*AIM OF THE TASK*
From the entries below, return exactly the lines beginning at the one that contains "using abs_summable_equivalent by blast" and ending at the one that contains "by (simp add: walk_def)", both of them included, and only those lines.

*DATASET EXTRACT*

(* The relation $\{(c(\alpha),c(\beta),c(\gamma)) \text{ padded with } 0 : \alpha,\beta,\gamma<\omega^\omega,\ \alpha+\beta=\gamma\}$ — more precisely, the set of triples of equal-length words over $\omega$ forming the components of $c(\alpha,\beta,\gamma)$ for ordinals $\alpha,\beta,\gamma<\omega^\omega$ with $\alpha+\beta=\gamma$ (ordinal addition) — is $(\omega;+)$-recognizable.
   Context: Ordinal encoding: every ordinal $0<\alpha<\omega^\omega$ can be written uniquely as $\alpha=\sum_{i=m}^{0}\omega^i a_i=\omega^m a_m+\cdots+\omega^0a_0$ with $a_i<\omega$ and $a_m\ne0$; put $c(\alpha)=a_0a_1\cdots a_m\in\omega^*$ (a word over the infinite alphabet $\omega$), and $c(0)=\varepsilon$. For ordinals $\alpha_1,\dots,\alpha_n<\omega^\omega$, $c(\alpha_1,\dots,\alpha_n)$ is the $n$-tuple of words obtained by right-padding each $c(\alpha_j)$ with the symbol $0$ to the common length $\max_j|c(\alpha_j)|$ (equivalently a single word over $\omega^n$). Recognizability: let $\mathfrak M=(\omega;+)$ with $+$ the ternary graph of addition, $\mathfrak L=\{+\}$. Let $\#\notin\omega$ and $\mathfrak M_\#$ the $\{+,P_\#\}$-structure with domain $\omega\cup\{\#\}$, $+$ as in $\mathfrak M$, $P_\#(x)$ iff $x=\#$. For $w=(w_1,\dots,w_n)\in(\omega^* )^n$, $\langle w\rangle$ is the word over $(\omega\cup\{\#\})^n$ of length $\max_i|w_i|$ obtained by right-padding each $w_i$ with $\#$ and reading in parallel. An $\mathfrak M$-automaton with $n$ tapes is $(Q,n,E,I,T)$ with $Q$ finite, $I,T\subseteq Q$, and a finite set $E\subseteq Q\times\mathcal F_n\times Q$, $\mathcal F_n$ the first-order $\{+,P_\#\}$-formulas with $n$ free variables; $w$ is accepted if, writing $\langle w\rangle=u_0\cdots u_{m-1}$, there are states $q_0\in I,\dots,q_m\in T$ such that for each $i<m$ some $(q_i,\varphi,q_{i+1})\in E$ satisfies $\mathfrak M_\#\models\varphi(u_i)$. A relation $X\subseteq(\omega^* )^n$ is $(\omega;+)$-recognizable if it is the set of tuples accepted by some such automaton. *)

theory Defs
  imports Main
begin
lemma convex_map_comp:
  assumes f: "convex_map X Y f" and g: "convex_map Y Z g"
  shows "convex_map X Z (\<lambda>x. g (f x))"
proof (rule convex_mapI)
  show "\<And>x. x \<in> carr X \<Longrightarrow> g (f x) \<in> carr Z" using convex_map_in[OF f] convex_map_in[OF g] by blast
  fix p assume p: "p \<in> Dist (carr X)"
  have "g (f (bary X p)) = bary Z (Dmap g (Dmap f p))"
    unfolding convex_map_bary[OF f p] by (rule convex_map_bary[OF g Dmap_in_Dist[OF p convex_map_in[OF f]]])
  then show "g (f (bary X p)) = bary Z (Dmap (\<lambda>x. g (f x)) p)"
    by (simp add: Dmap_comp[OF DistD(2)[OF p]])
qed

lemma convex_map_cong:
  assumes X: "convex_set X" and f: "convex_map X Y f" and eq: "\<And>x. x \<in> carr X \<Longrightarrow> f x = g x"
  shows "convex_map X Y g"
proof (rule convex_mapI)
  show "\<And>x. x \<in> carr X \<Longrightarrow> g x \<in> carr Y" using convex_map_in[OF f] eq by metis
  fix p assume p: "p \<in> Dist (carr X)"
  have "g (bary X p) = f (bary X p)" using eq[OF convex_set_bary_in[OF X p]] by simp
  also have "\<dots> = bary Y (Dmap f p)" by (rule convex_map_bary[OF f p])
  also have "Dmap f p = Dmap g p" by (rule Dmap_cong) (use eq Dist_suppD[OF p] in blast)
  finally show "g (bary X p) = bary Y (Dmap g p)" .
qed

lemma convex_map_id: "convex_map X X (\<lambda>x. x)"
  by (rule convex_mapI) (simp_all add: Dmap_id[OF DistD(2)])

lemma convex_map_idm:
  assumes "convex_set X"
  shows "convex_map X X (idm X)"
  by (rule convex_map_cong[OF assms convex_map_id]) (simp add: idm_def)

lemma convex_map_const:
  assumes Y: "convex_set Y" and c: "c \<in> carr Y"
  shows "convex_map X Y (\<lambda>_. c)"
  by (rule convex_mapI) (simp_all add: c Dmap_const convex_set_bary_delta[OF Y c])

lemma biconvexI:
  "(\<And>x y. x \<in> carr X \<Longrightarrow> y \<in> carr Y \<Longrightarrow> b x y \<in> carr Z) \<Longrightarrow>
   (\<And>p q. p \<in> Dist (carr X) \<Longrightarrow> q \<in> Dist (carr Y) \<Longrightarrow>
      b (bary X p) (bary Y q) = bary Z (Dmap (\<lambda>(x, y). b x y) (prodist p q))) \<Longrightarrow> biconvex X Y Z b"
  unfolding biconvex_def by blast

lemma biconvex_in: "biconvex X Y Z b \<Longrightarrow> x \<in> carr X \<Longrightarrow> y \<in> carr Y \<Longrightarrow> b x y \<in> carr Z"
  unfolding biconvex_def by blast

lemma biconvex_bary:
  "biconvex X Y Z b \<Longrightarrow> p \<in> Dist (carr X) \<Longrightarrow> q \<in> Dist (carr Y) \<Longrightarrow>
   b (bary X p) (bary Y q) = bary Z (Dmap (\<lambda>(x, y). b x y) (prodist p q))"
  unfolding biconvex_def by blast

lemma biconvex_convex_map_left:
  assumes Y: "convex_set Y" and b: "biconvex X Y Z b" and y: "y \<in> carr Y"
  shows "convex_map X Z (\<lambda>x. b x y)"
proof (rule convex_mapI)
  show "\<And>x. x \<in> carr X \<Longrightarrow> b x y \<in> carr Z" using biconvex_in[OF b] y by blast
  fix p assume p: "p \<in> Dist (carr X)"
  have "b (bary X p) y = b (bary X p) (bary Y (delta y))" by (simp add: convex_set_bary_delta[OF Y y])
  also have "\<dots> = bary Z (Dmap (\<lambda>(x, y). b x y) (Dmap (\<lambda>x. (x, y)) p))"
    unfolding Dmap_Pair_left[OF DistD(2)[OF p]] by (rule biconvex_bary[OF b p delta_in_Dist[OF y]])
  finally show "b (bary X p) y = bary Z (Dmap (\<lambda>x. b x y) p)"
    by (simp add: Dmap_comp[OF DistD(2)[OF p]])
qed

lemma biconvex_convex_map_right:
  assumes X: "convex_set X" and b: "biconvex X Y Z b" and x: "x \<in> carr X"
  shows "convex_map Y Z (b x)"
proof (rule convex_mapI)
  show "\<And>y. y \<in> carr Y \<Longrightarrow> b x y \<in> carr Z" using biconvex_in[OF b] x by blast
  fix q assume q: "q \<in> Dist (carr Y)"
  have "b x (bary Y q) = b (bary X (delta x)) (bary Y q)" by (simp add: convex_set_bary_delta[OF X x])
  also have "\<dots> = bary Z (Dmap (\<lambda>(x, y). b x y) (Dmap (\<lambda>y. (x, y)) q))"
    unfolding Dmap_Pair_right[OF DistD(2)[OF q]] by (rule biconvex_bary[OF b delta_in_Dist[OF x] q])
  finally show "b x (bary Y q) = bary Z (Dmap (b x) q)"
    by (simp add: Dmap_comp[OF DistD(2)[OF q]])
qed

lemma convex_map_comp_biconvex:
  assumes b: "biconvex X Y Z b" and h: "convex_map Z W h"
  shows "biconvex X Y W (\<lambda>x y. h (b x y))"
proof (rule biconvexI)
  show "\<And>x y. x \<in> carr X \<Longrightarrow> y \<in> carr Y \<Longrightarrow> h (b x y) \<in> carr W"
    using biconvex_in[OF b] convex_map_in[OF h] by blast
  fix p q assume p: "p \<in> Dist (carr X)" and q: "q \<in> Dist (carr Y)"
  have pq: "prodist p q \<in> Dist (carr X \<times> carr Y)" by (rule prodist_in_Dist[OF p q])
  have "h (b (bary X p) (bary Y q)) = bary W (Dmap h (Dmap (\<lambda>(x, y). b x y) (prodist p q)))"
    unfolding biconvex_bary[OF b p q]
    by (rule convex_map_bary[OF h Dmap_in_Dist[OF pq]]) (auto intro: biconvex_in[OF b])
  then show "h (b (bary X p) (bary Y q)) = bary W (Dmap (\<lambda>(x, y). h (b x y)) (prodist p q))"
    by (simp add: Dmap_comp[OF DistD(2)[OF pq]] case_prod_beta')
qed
...
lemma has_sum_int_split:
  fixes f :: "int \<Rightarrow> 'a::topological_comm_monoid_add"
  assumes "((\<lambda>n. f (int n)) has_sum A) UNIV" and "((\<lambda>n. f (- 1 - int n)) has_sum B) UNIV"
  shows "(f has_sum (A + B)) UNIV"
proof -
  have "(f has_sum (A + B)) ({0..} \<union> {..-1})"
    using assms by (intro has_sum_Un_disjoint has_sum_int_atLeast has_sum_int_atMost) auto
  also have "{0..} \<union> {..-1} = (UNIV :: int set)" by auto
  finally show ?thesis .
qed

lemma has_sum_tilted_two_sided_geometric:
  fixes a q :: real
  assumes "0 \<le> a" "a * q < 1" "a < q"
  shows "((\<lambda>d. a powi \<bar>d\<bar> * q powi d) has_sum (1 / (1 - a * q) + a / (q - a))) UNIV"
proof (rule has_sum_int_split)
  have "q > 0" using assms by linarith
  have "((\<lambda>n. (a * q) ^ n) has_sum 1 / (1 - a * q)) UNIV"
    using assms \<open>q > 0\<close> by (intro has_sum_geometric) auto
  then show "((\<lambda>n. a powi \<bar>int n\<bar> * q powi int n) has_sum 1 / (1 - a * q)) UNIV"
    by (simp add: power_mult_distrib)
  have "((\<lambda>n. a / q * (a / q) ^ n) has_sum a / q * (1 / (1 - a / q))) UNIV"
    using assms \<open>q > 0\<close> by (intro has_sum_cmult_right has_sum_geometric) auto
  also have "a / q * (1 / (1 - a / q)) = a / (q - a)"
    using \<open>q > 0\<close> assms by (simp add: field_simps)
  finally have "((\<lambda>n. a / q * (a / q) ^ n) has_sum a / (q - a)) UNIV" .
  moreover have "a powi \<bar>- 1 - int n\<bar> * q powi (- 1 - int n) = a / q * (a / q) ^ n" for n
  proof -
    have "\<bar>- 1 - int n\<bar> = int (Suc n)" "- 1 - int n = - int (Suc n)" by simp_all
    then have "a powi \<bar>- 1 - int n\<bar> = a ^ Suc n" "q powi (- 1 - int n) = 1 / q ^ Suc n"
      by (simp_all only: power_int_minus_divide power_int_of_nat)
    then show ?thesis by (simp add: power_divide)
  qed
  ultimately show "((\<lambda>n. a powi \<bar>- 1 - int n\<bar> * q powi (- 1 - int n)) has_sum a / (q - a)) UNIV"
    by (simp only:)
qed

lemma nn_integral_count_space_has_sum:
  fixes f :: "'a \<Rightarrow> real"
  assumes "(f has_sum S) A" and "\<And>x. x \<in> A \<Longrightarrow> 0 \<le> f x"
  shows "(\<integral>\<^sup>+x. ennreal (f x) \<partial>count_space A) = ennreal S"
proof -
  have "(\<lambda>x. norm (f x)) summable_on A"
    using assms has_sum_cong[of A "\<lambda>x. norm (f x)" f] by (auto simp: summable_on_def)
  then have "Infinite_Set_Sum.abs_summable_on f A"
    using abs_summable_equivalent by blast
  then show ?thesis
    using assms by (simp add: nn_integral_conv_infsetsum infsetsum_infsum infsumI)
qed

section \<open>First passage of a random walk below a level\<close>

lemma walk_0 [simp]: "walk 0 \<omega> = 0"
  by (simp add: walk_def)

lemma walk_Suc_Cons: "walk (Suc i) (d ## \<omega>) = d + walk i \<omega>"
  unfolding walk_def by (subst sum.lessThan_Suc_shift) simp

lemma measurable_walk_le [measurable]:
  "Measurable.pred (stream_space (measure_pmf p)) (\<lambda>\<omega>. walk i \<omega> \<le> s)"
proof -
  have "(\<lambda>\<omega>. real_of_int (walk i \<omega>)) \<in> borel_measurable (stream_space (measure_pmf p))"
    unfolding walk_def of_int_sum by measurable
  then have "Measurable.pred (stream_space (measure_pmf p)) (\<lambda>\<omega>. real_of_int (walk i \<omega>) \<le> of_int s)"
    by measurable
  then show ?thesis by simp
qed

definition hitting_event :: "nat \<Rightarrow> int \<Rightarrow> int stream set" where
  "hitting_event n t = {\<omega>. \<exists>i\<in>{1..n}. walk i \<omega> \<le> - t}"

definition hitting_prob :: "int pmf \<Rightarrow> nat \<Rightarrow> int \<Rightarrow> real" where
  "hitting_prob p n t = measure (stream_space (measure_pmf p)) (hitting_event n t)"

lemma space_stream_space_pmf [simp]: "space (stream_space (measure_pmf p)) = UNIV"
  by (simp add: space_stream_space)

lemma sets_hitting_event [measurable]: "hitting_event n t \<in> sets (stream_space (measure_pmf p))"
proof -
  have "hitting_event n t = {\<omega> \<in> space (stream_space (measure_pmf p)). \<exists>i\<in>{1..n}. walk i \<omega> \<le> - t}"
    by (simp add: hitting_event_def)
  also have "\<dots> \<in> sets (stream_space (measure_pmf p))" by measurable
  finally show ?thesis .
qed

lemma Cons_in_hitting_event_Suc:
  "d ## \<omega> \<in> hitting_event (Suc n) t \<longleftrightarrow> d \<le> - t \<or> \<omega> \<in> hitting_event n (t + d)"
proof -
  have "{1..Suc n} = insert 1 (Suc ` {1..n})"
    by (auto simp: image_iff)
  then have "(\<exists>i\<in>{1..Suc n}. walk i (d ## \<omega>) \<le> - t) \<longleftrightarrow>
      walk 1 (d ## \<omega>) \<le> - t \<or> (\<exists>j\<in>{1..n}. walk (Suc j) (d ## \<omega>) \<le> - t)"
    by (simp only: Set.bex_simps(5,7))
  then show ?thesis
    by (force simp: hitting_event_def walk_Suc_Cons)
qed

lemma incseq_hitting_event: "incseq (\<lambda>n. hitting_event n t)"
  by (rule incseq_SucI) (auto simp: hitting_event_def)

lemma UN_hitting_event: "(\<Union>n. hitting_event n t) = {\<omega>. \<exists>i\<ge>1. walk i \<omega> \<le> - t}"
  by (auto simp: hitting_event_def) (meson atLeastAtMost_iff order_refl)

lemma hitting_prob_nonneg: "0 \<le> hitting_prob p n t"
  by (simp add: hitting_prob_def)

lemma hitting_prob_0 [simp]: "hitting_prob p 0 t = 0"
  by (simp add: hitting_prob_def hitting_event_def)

*RESPONSE TO THE TASK*
    using abs_summable_equivalent by blast
  then show ?thesis
    using assms by (simp add: nn_integral_conv_infsetsum infsetsum_infsum infsumI)
qed

section \<open>First passage of a random walk below a level\<close>

lemma walk_0 [simp]: "walk 0 \<omega> = 0"
  by (simp add: walk_def)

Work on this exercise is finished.